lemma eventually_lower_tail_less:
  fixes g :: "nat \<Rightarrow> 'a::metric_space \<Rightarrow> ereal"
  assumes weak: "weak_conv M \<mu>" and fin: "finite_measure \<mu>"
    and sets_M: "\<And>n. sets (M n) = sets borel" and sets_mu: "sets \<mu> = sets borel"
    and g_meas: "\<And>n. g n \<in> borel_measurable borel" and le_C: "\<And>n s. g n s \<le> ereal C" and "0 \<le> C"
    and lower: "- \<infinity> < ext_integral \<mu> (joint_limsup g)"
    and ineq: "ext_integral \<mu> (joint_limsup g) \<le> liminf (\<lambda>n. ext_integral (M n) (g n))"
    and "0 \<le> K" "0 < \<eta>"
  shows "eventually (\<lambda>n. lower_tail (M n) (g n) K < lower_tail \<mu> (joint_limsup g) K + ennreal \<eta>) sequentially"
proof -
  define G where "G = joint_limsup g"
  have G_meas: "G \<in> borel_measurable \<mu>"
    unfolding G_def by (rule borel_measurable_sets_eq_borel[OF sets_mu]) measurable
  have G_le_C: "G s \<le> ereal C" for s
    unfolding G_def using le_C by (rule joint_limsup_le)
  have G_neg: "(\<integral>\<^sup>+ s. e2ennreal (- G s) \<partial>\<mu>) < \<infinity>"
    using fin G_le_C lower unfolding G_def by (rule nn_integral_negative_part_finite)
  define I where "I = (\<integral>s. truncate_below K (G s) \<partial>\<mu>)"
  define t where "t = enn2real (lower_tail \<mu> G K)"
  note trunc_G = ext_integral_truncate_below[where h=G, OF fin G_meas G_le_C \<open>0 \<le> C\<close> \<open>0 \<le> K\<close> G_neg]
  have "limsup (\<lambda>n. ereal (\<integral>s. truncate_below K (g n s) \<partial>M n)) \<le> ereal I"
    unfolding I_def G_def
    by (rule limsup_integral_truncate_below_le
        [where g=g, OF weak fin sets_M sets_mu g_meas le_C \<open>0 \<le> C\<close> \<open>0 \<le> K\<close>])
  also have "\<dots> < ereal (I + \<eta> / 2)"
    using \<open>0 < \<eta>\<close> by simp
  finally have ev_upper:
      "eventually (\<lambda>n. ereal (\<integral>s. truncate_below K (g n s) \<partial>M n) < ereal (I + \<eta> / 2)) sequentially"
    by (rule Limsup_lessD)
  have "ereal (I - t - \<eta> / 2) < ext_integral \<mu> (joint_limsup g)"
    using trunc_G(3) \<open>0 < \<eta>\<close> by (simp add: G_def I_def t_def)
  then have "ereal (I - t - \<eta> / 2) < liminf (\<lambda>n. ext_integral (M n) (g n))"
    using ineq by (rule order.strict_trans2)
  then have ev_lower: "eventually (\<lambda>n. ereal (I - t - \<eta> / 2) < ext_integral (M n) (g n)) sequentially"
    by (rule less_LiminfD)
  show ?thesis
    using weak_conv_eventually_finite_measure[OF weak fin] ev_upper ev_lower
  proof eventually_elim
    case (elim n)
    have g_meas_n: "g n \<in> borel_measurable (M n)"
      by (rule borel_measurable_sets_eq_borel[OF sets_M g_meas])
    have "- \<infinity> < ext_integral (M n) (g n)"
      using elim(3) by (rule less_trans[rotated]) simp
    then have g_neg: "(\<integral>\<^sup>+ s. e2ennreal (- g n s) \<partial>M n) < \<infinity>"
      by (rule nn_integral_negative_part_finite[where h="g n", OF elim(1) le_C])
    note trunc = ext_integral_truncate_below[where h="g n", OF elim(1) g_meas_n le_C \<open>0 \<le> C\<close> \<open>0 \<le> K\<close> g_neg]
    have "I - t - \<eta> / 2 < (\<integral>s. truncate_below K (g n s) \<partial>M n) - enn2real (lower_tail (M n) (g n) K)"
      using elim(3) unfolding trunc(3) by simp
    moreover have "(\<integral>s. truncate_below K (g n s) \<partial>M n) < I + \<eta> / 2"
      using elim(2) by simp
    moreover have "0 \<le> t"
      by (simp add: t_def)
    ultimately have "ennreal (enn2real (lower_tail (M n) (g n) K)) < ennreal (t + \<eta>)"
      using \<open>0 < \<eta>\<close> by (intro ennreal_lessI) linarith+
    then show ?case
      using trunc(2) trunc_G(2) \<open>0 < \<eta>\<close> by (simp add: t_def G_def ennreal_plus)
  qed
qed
...
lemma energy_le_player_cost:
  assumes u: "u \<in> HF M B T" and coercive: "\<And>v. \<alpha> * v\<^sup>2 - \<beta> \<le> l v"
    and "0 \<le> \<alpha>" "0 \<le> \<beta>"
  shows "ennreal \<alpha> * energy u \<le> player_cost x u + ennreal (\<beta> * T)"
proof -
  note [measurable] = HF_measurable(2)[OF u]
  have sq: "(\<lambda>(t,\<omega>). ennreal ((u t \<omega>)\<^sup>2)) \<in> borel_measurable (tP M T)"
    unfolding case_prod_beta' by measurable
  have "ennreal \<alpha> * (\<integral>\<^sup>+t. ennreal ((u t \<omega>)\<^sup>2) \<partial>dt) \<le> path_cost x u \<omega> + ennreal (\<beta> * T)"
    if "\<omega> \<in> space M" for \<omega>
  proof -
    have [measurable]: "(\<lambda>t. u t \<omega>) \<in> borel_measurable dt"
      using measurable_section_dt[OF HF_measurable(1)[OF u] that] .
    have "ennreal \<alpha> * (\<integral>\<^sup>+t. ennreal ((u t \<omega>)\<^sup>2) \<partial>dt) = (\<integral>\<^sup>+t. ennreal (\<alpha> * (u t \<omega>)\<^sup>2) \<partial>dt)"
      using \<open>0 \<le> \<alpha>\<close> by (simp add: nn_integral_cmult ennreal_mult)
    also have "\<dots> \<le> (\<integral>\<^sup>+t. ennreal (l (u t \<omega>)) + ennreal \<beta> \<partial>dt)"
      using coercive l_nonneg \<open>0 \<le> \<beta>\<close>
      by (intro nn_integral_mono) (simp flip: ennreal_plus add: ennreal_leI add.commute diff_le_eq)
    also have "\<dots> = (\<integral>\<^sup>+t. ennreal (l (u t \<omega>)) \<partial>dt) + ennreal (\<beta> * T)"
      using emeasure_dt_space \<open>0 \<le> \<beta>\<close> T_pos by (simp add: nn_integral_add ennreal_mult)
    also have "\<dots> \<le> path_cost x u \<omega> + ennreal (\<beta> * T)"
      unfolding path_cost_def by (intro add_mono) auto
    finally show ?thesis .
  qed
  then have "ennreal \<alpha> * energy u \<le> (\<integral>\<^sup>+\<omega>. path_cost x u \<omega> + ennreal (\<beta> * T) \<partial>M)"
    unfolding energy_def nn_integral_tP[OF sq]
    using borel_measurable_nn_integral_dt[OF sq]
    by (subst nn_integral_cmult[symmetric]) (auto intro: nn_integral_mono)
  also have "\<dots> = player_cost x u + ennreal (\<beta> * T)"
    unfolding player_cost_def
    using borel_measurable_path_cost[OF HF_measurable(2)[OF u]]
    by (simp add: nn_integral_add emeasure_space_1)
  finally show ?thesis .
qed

* **Brief**
When a line among the entries above contains "thesis", copy it.

* **Answer**
  show ?thesis
    finally show ?thesis .
  finally show ?thesis .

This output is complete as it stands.